Hallucination Root-Cause Analysis¶

Move from detective to prescriptive: where the mechanistic interpretability attributor (ReDeEP) says which layers and attention heads produced a hallucination signal, the root-cause analyzer says why and what to fix — classifying the dominant failure mode and emitting targeted fine-tuning recommendations that can feed the Customer Model Factory.

Failure modes¶

Cause	Mechanistic signature	Prescription
`parametric_knowledge_override`	A Knowledge-FFN layer with high `ffn_knowledge` and low `external_attention`	Fine-tune to down-weight parametric recall, up-weight retrieved context
`attention_ignores_evidence`	Low `external_attention` without strong parametric recall	Add retrieval-grounding training examples
`underactive_copying_heads`	Copying-Heads with low `copying_score`	Train on copy-from-context exemplars

Quick start¶

from director_ai import ProductionGuard
from director_ai.core.config import DirectorConfig

guard = ProductionGuard(DirectorConfig())

# `report` is a MechanisticAttributionReport from the ReDeEP attributor.
diagnosis = guard.root_cause_analyzer.diagnose(report)

print(diagnosis.dominant_cause)        # e.g. "parametric_knowledge_override"
print(diagnosis.implicated_layers)     # e.g. (18, 19, 20)
for rec in diagnosis.recommendations:
    print(rec.cause, "→", rec.action, rec.targets)

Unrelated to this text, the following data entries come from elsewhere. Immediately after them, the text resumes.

definition maximal_string :: "slp \<Rightarrow> sym list \<Rightarrow> bool" where
  "maximal_string G \<gamma> \<longleftrightarrow> length \<gamma> \<ge> 2 \<and> total_occ G \<gamma> \<ge> 2 \<and>
     \<not> (\<exists>\<delta>. length \<delta> > length \<gamma> \<and> total_occ G \<delta> \<ge> total_occ G \<gamma>)"

fun repl :: "sym list \<Rightarrow> sym \<Rightarrow> sym list \<Rightarrow> sym list" where
  "repl \<gamma> X [] = []"
| "repl \<gamma> X (c # u) =
     (if \<gamma> \<noteq> [] \<and> take (length \<gamma>) (c # u) = \<gamma>
      then X # repl \<gamma> X (drop (length \<gamma> - 1) u)
      else c # repl \<gamma> X u)"

definition repair_step :: "slp \<Rightarrow> slp \<Rightarrow> bool" where
  "repair_step G G' \<longleftrightarrow> (\<exists>\<gamma>. maximal_string G \<gamma> \<and>
      (\<forall>\<delta>. maximal_string G \<delta> \<longrightarrow> total_occ G \<delta> \<le> total_occ G \<gamma>) \<and>
      G' = map (repl \<gamma> (NT (length G))) G @ [\<gamma>])"

definition bin_val :: "bool list \<Rightarrow> nat" where
  "bin_val xs = foldl (\<lambda>n b. 2 * n + (if b then 1 else 0)) 0 xs"

definition hmor :: "bool list \<Rightarrow> bool list" where
  "hmor xs = concat (map (\<lambda>b. if b then [True, False] else [False, True]) xs)"

definition de_bruijn_seq :: "nat \<Rightarrow> bool list \<Rightarrow> bool" where
  "de_bruijn_seq m B \<longleftrightarrow> length B = 2 ^ m \<and> B \<noteq> [] \<and> hd B = True \<and>
     (\<forall>i j. i + m \<le> length B \<and> j + m \<le> length B \<and>
            take m (drop i B) = take m (drop j B) \<longrightarrow> i = j)"

definition w_word :: "nat \<Rightarrow> bool list \<Rightarrow> bool list" where
  "w_word k B = hmor (take k B)"

definition Nval :: "nat \<Rightarrow> bool list \<Rightarrow> nat \<Rightarrow> nat" where
  "Nval k B i = bin_val (take (k + i) (w_word k B))"

definition s_word :: "nat \<Rightarrow> bool list \<Rightarrow> sym list" where
  "s_word k B = replicate (Nval k B 1) Ta @
     concat (map (\<lambda>i. Tb # replicate (Nval k B i) Ta) [2..<k+1])"

definition qval :: "nat \<Rightarrow> bool list \<Rightarrow> nat \<Rightarrow> nat" where
  "qval k B i = Nval k B i div 2 ^ (k - 1)"

definition fsym :: "nat \<Rightarrow> bool \<Rightarrow> sym list" where
  "fsym j c = (if c then (if j = 0 then [Ta] else [NT j]) else [])"

(* v_i = f_{k-2}(w[i+2]) ... f_0(w[k+i]) (1-based positions of w) *)
definition vword :: "nat \<Rightarrow> bool list \<Rightarrow> nat \<Rightarrow> sym list" where
  "vword k B i = concat (map (\<lambda>p. fsym (k + i - p) (w_word k B ! (p - 1))) [i+2..<k+i+1])"

definition uword :: "nat \<Rightarrow> bool list \<Rightarrow> nat \<Rightarrow> sym list" where
  "uword k B i = replicate (qval k B i) (NT (k - 1)) @ vword k B i"

definition expected_slp :: "nat \<Rightarrow> bool list \<Rightarrow> slp" where
  "expected_slp k B =
     (uword k B 1 @ concat (map (\<lambda>i. Tb # uword k B i) [2..<k+1]))
     # [Ta, Ta] # map (\<lambda>i. [NT (i - 1), NT (i - 1)]) [2..<k]"

end

theory Submission
  imports Defs
begin

text \<open>
  After \<open>t\<close> rounds RePair has created \<open>X\<^sub>1 \<rightarrow> aa\<close> and \<open>X\<^sub>j \<rightarrow> X\<^sub>j\<^sub>-\<^sub>1X\<^sub>j\<^sub>-\<^sub>1\<close> for \<open>j \<le> t\<close>,
  and the \<open>i\<close>-th block of the start rule is \<open>X\<^sub>t\<close> to the power \<open>\<lfloor>N\<^sub>i/2\<^sup>t\<rfloor>\<close>, followed by the
  \<open>t\<close> low bits of \<open>N\<^sub>i\<close> with bit \<open>j\<close> written as \<open>X\<^sub>j\<close> (as \<open>a\<close> for \<open>j = 0\<close>).
  In this SLP the pair \<open>X\<^sub>tX\<^sub>t\<close> has at least \<open>C = \<Sum>\<^sub>i \<lfloor>N\<^sub>i/2\<^sup>t\<^sup>+\<^sup>1\<rfloor>\<close> non-overlapping
  occurrences, and \<open>C \<ge> 2\<^sup>k\<close> because \<open>N\<^sub>k \<ge> 2\<^sup>2\<^sup>k\<^sup>-\<^sup>1\<close>. Every other word of length at least 2
  occurs fewer times: one containing a symbol other than \<open>X\<^sub>t\<close> occurs at most as often as that
  symbol, and there are only \<open>O(k\<^sup>2)\<close> such symbols; a power \<open>X\<^sub>t\<^sup>m\<close> with \<open>m \<ge> 3\<close> occurs at most
  a third as often as \<open>X\<^sub>t\<close>, which occurs at most \<open>2C + k\<close> times. So \<open>X\<^sub>tX\<^sub>t\<close> is the only
  string RePair can select, and replacing it greedily in a block halves the exponent and moves
  bit \<open>t\<close> of \<open>N\<^sub>i\<close> into the tail: this is the SLP after round \<open>t + 1\<close>.
\<close>

section \<open>Non-overlapping occurrences\<close>

definition disjoint_occs :: "sym list \<Rightarrow> sym list \<Rightarrow> nat set \<Rightarrow> bool" where
  "disjoint_occs \<gamma> u P \<longleftrightarrow> P \<subseteq> occ_pos \<gamma> u \<and> (\<forall>i\<in>P. \<forall>j\<in>P. i < j \<longrightarrow> i + length \<gamma> \<le> j)"

lemma finite_occ_pos: "finite (occ_pos \<gamma> u)"
  by (rule finite_subset[of _ "{..length u}"]) (auto simp: occ_pos_def)

lemma disjoint_occs_finite: "disjoint_occs \<gamma> u P \<Longrightarrow> finite P"
  unfolding disjoint_occs_def using finite_occ_pos finite_subset by blast

lemma nocc_eq_Max: "nocc \<gamma> u = Max (card ` Collect (disjoint_occs \<gamma> u))"
  unfolding nocc_def disjoint_occs_def by (simp add: setcompr_eq_image)

lemma finite_card_disjoint_occs: "finite (card ` Collect (disjoint_occs \<gamma> u))"
proof -
  have "Collect (disjoint_occs \<gamma> u) \<subseteq> Pow (occ_pos \<gamma> u)"
    by (auto simp: disjoint_occs_def)
  then show ?thesis
    using finite_occ_pos by (meson finite_Pow_iff finite_imageI finite_subset)
qed

lemma card_le_nocc: "disjoint_occs \<gamma> u P \<Longrightarrow> card P \<le> nocc \<gamma> u"
  unfolding nocc_eq_Max by (rule Max_ge[OF finite_card_disjoint_occs]) simp
(* For all $n\ge1$, $\mathbf{cf}_{n,1}(p,q)|_{p^0}=q^{\binom{n}{2}}$. Moreover, $$\mathbf{cf}_{n,1}(p,q)|_{p^1}=\begin{cases}0 & n=1,2,3,\\ \binom{n-2}{2}q^{\binom{n}{2}-2} & n\ge4,\end{cases}$$ $$\mathbf{cf}_{n,1}(p,q)|_{p^2}=\begin{cases}0 & n=1,2,3,4,\\ \left(3\binom{n-1}{4}-\binom{n-3}{2}\right)q^{\binom{n}{2}-4} & n\ge5,\end{cases}$$ $$\mathbf{cf}_{n,1}(p,q)|_{p^3}=\begin{cases}0 & n=1,2,3,4,5,\\ \left(15\binom{n}{6}-6\binom{n-2}{4}+\binom{n-4}{4}\right)q^{\binom{n}{2}-6} & n\ge5.\end{cases}$$
   Context: $F_1(p,q)=q$, $F_2(p,q)=q^2$ and $F_m(p,q)=qF_{m-1}(p,q)+pF_{m-2}(p,q)$ for $m\ge3$. Let $(x)_{\uparrow_{F,p,q,0}}=1$ and $(x)_{\uparrow_{F,p,q,k}}=x(x+F_1(p,q))\cdots(x+F_{k-1}(p,q))$ for $k\ge1$. Define the polynomials $\mathbf{cf}_{n,k}(p,q)$ for $0\le k\le n$ by $(x)_{\uparrow_{F,p,q,n}}=\sum_{k=0}^n\mathbf{cf}_{n,k}(p,q)x^k$. For a polynomial $f$ in $p$ with coefficients in $\mathbb{Q}[q]$, $f|_{p^s}$ denotes the coefficient of $p^s$. *)

theory Defs
  imports "HOL-Computational_Algebra.Polynomial"
begin

text \<open>Bivariate polynomials in p, q with rational coefficients are represented as
  polynomials in p whose coefficients are polynomials in q: type rat poly poly.\<close>

definition qv :: "rat poly poly" where "qv = [:[:0, 1:]:]"
definition pv :: "rat poly poly" where "pv = [:0, 1:]"

fun Fpq :: "nat \<Rightarrow> rat poly poly" where
  "Fpq 0 = 0"
| "Fpq (Suc 0) = qv"
| "Fpq (Suc (Suc 0)) = qv ^ 2"
| "Fpq (Suc (Suc (Suc m))) = qv * Fpq (Suc (Suc m)) + pv * Fpq (Suc m)"

definition rising_F :: "nat \<Rightarrow> rat poly poly poly" where
  "rising_F n = (if n = 0 then 1 else [:0, 1:] * (\<Prod>i\<in>{1..<n}. [:Fpq i, 1:]))"

definition cf :: "nat \<Rightarrow> nat \<Rightarrow> rat poly poly" where
  "cf n k = coeff (rising_F n) k"

end

theory Submission
  imports Defs
begin

text \<open>The coefficient of \<open>x\<close> in \<open>x (x + F 1) \<cdots> (x + F (n - 1))\<close> is the product
  \<open>F 1 \<cdots> F (n - 1)\<close>. Giving \<open>p\<close> weight 2 and \<open>q\<close> weight 1, every \<open>F m\<close> is homogeneous of
  weight \<open>m\<close>, namely \<open>F m = \<Sum>j. C(m - 1 - j, j) p^j q^(m - 2j)\<close>; hence the coefficient of \<open>p^s\<close>
  in the product is an integer multiple of \<open>q^(C(n, 2) - 2s)\<close>. These integers obey a convolution
  recursion in the number of factors, and for \<open>s \<le> 3\<close> their closed forms follow by induction,
  each step being a polynomial identity checked over \<open>\<rat>\<close>.\<close>

lemma monom_mult_cancel:
  fixes c :: "'a::idom poly"
  assumes "monom 1 a * c = monom r e"
  shows "c = monom r (e - a)"
proof (cases "a \<le> e")
  case True
  then have "monom 1 a * c = monom 1 a * monom r (e - a)"
    using assms by (simp add: mult_monom)
  then show ?thesis by simp
next
  case False
  have "r = coeff (monom 1 a * c) e" using assms by simp
  then have "r = 0" using False by (simp add: coeff_monom_mult)
  then show ?thesis using assms by simp
qed

definition fib_coeff :: "nat \<Rightarrow> nat \<Rightarrow> nat" where
  "fib_coeff m j = (m - 1 - j) choose j"

lemma fib_coeff_Suc:
  "fib_coeff (Suc (Suc (Suc m))) (Suc j) = fib_coeff (Suc (Suc m)) (Suc j) + fib_coeff (Suc m) j"
proof (cases "j \<le> m")
  case True
  then have "Suc m - j = Suc (m - j)" by simp
  then show ?thesis by (simp add: fib_coeff_def)
next
  case False
  then show ?thesis by (simp add: fib_coeff_def)
qed

lemma coeff_Fpq_Suc:
  "coeff (Fpq (Suc (Suc (Suc m)))) j
     = [:0, 1:] * coeff (Fpq (Suc (Suc m))) j + (case j of 0 \<Rightarrow> 0 | Suc i \<Rightarrow> coeff (Fpq (Suc m)) i)"
  by (simp add: qv_def pv_def coeff_pCons split: nat.split)

lemma pCons_0_1_eq_monom: "[:0, 1:] = monom 1 1"
  by (simp add: monom_Suc monom_0)

text \<open>Multiplying by \<open>q^(2j)\<close> rather than dividing keeps the exponents free of truncated
  subtraction; the form with \<open>q^(m - 2j)\<close> is recovered by \<open>monom_mult_cancel\<close>.\<close>

lemma coeff_Fpq:
  assumes "m \<ge> 1"
  shows "monom 1 (2 * j) * coeff (Fpq m) j = monom (of_nat (fib_coeff m j)) m"
  using assms
proof (induction m arbitrary: j rule: Fpq.induct)
  case 1
  then show ?case by simp
next
  case 2
  then show ?case by (cases j) (auto simp: qv_def fib_coeff_def monom_altdef)
next
  case 3
  then show ?case by (cases j) (auto simp: qv_def fib_coeff_def monom_altdef power2_eq_square)
next
  case (4 m)
  show ?case
  proof (cases j)
    case 0
    then show ?thesis using "4.IH"(1)[of 0]
      unfolding coeff_Fpq_Suc by (simp add: fib_coeff_def pCons_0_1_eq_monom mult_monom)
  next
    case (Suc i)
    have "monom 1 (2 * j) * coeff (Fpq (Suc (Suc (Suc m)))) j
        = monom 1 1 * (monom 1 (2 * Suc i) * coeff (Fpq (Suc (Suc m))) (Suc i))
          + monom 1 2 * (monom 1 (2 * i) * coeff (Fpq (Suc m)) i)"
      unfolding coeff_Fpq_Suc Suc
      by (simp add: distrib_left mult.assoc mult_monom pCons_0_1_eq_monom)
    also have "\<dots> = monom 1 1 * monom (of_nat (fib_coeff (Suc (Suc m)) (Suc i))) (Suc (Suc m))
          + monom 1 2 * monom (of_nat (fib_coeff (Suc m) i)) (Suc m)"
      using "4.IH"(1)[of "Suc i"] "4.IH"(2)[of i] by simp
    also have "\<dots> = monom (of_nat (fib_coeff (Suc (Suc (Suc m))) j)) (Suc (Suc (Suc m)))"
      by (simp add: Suc fib_coeff_Suc mult_monom add_monom)
    finally show ?thesis .
  qed
qed

primrec fib_prod_coeff :: "nat \<Rightarrow> nat \<Rightarrow> nat" where
  "fib_prod_coeff 0 s = (if s = 0 then 1 else 0)"
| "fib_prod_coeff (Suc k) s = (\<Sum>t\<le>s. fib_prod_coeff k t * fib_coeff (Suc k) (s - t))"

lemma coeff_prod_Fpq:
  "monom 1 (2 * s) * coeff (\<Prod>i\<in>{1..k}. Fpq i) s
     = monom (of_nat (fib_prod_coeff k s)) (Suc k choose 2)"
proof (induction k arbitrary: s)
  case 0
  then show ?case by (simp add: monom_0 binomial_eq_0)
next
  case (Suc k)
  have prod_Suc: "(\<Prod>i\<in>{1..Suc k}. Fpq i) = (\<Prod>i\<in>{1..k}. Fpq i) * Fpq (Suc k)"
    by simp
  have "monom 1 (2 * s) * coeff (\<Prod>i\<in>{1..Suc k}. Fpq i) s
      = (\<Sum>t\<le>s. (monom 1 (2 * t) * coeff (\<Prod>i\<in>{1..k}. Fpq i) t)
                 * (monom 1 (2 * (s - t)) * coeff (Fpq (Suc k)) (s - t)))"
    unfolding prod_Suc coeff_mult sum_distrib_left
  proof (rule sum.cong)
    fix t assume "t \<in> {..s}"
    then have "2 * s = 2 * t + 2 * (s - t)" by simp
    then have "monom 1 (2 * s) = monom 1 (2 * t) * (monom 1 (2 * (s - t)) :: rat poly)"
      by (simp add: mult_monom)
    then show "monom 1 (2 * s) * (coeff (\<Prod>i\<in>{1..k}. Fpq i) t * coeff (Fpq (Suc k)) (s - t))
        = (monom 1 (2 * t) * coeff (\<Prod>i\<in>{1..k}. Fpq i) t)
          * (monom 1 (2 * (s - t)) * coeff (Fpq (Suc k)) (s - t))"
      by (simp add: ac_simps)
  qed simp
  also have "\<dots> = (\<Sum>t\<le>s. monom (of_nat (fib_prod_coeff k t)) (Suc k choose 2)
                       * monom (of_nat (fib_coeff (Suc k) (s - t))) (Suc k))"
    by (simp only: Suc.IH coeff_Fpq[of "Suc k", simplified])
  also have "\<dots> = (\<Sum>t\<le>s. monom (of_nat (fib_prod_coeff k t * fib_coeff (Suc k) (s - t)))
                                (Suc (Suc k) choose 2))"
    by (simp add: mult_monom numeral_2_eq_2 ac_simps)
  also have "\<dots> = monom (of_nat (fib_prod_coeff (Suc k) s)) (Suc (Suc k) choose 2)"
    by (simp add: monom_sum)
  finally show ?case .
qed

lemma fib_prod_coeff_0: "fib_prod_coeff k 0 = 1"
  by (induction k) (simp_all add: fib_coeff_def)

lemma fib_prod_coeff_1: "fib_prod_coeff k 1 = (k - 1) choose 2"
proof (induction k)
  case 0
  then show ?case by simp
next
  case (Suc k)
  then show ?case by (cases k) (simp_all add: fib_prod_coeff_0 fib_coeff_def numeral_2_eq_2)
qed

lemma fib_prod_coeff_Suc_2:
  "fib_prod_coeff (Suc k) 2 = fib_prod_coeff k 2 + (k - 1) * ((k - 1) choose 2) + ((k - 2) choose 2)"
  using fib_prod_coeff_1[of k] by (simp add: atMost_nat_numeral fib_coeff_def fib_prod_coeff_0)

lemma fib_prod_coeff_Suc_3:
  "fib_prod_coeff (Suc k) 3 = fib_prod_coeff k 3 + (k - 1) * fib_prod_coeff k 2
     + ((k - 1) choose 2) * ((k - 2) choose 2) + ((k - 3) choose 3)"
  using fib_prod_coeff_1[of k] by (simp add: atMost_nat_numeral fib_coeff_def fib_prod_coeff_0)

lemmas of_nat_choose_expand =
  binomial_gbinomial gbinomial_prod_rev atLeast0LessThan lessThan_nat_numeral fact_numeral

lemma fib_prod_coeff_2: "int (fib_prod_coeff k 2) = 3 * int (k choose 4) - int ((k - 2) choose 2)"
proof (cases "k < 2")
  case True
  then show ?thesis by (auto simp: eval_nat_numeral less_Suc_eq atMost_Suc fib_coeff_def)
next
  case False
  then have "k \<ge> 2" by simp
  then show ?thesis
  proof (induction k rule: nat_induct_at_least)
    case base
    then show ?case by (simp add: eval_nat_numeral atMost_Suc fib_coeff_def)
  next
    case (Suc k)
    then obtain m where m: "k = m + 2" by (metis add.commute le_Suc_ex)
    have IH: "rat_of_nat (fib_prod_coeff k 2) = 3 * of_nat (k choose 4) - of_nat ((k - 2) choose 2)"
      using arg_cong[OF Suc.IH, of rat_of_int] by simp
    have "rat_of_nat (fib_prod_coeff (Suc k) 2)
        = of_nat (fib_prod_coeff k 2) + of_nat (k - 1) * of_nat ((k - 1) choose 2) + of_nat ((k - 2) choose 2)"
      unfolding fib_prod_coeff_Suc_2 by simp
    also have "\<dots> = 3 * of_nat (Suc k choose 4) - of_nat ((Suc k - 2) choose 2)"
      unfolding IH unfolding m by (simp add: of_nat_choose_expand field_simps)
    finally show ?case
      by (intro of_int_eq_iff[where 'a = rat, THEN iffD1]) simp
  qed
qed

lemma fib_prod_coeff_3:
  "int (fib_prod_coeff k 3) = 15 * int (Suc k choose 6) - 6 * int ((k - 1) choose 4) + int ((k - 3) choose 4)"
proof (cases "k < 3")
  case True
  then show ?thesis by (auto simp: eval_nat_numeral less_Suc_eq atMost_Suc fib_coeff_def)
next
  case False
  then have "k \<ge> 3" by simp
  then show ?thesis
  proof (induction k rule: nat_induct_at_least)
    case base
    then show ?case by (simp add: eval_nat_numeral atMost_Suc fib_coeff_def)
  next
    case (Suc k)
    then obtain m where m: "k = m + 3" by (metis add.commute le_Suc_ex)
    have b2: "rat_of_nat (fib_prod_coeff k 2) = 3 * of_nat (k choose 4) - of_nat ((k - 2) choose 2)"
      using arg_cong[OF fib_prod_coeff_2, of rat_of_int] by simp
    have IH: "rat_of_nat (fib_prod_coeff k 3)
        = 15 * of_nat (Suc k choose 6) - 6 * of_nat ((k - 1) choose 4) + of_nat ((k - 3) choose 4)"
      using arg_cong[OF Suc.IH, of rat_of_int] by simp
    have "rat_of_nat (fib_prod_coeff (Suc k) 3)
        = of_nat (fib_prod_coeff k 3) + of_nat (k - 1) * of_nat (fib_prod_coeff k 2)
          + of_nat ((k - 1) choose 2) * of_nat ((k - 2) choose 2) + of_nat ((k - 3) choose 3)"
      unfolding fib_prod_coeff_Suc_3 by simp
    also have "\<dots> = 15 * of_nat (Suc (Suc k) choose 6) - 6 * of_nat ((Suc k - 1) choose 4)
                      + of_nat ((Suc k - 3) choose 4)"
      unfolding IH b2 unfolding m by (simp add: of_nat_choose_expand field_simps)
    finally show ?case
      by (intro of_int_eq_iff[where 'a = rat, THEN iffD1]) simp
  qed
qed

lemma cf_Suc_1: "cf (Suc k) 1 = (\<Prod>i\<in>{1..k}. Fpq i)"
  by (simp add: cf_def rising_F_def coeff_pCons poly_0_coeff_0[symmetric] poly_prod
      atLeastLessThanSuc_atLeastAtMost)

lemma coeff_cf_1:
  "coeff (cf (Suc k) 1) s = of_nat (fib_prod_coeff k s) * [:0, 1:] ^ ((Suc k choose 2) - 2 * s)"
  unfolding cf_Suc_1 using monom_mult_cancel[OF coeff_prod_Fpq[of s k]]
  by (simp add: monom_altdef of_nat_poly)

theorem theorem14:
  fixes n :: nat
  assumes "n \<ge> 1"
  shows "coeff (cf n 1) 0 = [:0, 1:] ^ (n choose 2)
    \<and> (n \<le> 3 \<longrightarrow> coeff (cf n 1) 1 = 0)
    \<and> (n \<ge> 4 \<longrightarrow> coeff (cf n 1) 1
           = of_nat ((n - 2) choose 2) * [:0, 1:] ^ ((n choose 2) - 2))
    \<and> (n \<le> 4 \<longrightarrow> coeff (cf n 1) 2 = 0)
    \<and> (n \<ge> 5 \<longrightarrow> coeff (cf n 1) 2
           = (3 * of_nat ((n - 1) choose 4) - of_nat ((n - 3) choose 2)) * [:0, 1:] ^ ((n choose 2) - 4))
    \<and> (n \<le> 5 \<longrightarrow> coeff (cf n 1) 3 = 0)
    \<and> (n \<ge> 5 \<longrightarrow> coeff (cf n 1) 3
           = (15 * of_nat (n choose 6) - 6 * of_nat ((n - 2) choose 4) + of_nat ((n - 4) choose 4))
             * [:0, 1:] ^ ((n choose 2) - 6))"
proof -
  obtain k where n: "n = Suc k" using assms by (cases n) auto
  have closed_2: "(of_nat (fib_prod_coeff k 2) :: rat poly)
      = 3 * of_nat (k choose 4) - of_nat ((k - 2) choose 2)"
    using arg_cong[OF fib_prod_coeff_2, of "of_int :: int \<Rightarrow> rat poly"] by simp
  have closed_3: "(of_nat (fib_prod_coeff k 3) :: rat poly)
      = 15 * of_nat (Suc k choose 6) - 6 * of_nat ((k - 1) choose 4) + of_nat ((k - 3) choose 4)"
    using arg_cong[OF fib_prod_coeff_3, of "of_int :: int \<Rightarrow> rat poly"] by simp
  show ?thesis
    unfolding n coeff_cf_1 fib_prod_coeff_0 fib_prod_coeff_1 closed_2 closed_3
    by (simp add: binomial_eq_0)
qed
end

diagnose() returns a RootCauseDiagnosis with the dominant_cause, all detected causes, per-cause Recommendations (cause, action, targets like ffn_layer:18 / head:5.2), and the implicated_layers / implicated_heads. When the report is not a hallucination the dominant cause is no_hallucination with no recommendations.

Tenant safety¶

The diagnosis is computed from the attribution report alone — no model access and no prompt/response text. to_dict() carries only component indices, scores, and recommendations, so it is safe to log and to attach to audit records.

Tuning¶

from director_ai.core.interpretability import HallucinationRootCauseAnalyzer

analyzer = HallucinationRootCauseAnalyzer(
    parametric_knowledge_threshold=0.5,   # FFN knowledge at/above → strong recall
    low_attention_threshold=0.3,          # external attention at/below → ignoring evidence
    low_copying_threshold=0.3,            # copying score at/below → weak copying head
)

Notes¶

Pure deterministic analysis over the attribution report; no ML stack required (the report's signals come from the ReDeEP ActivationProvider, which a real deployment backs with transformer activations/attention).
The recommendations are designed to be consumed by a targeted fine-tuning pipeline (Customer Model Factory), closing the loop from detection to repair.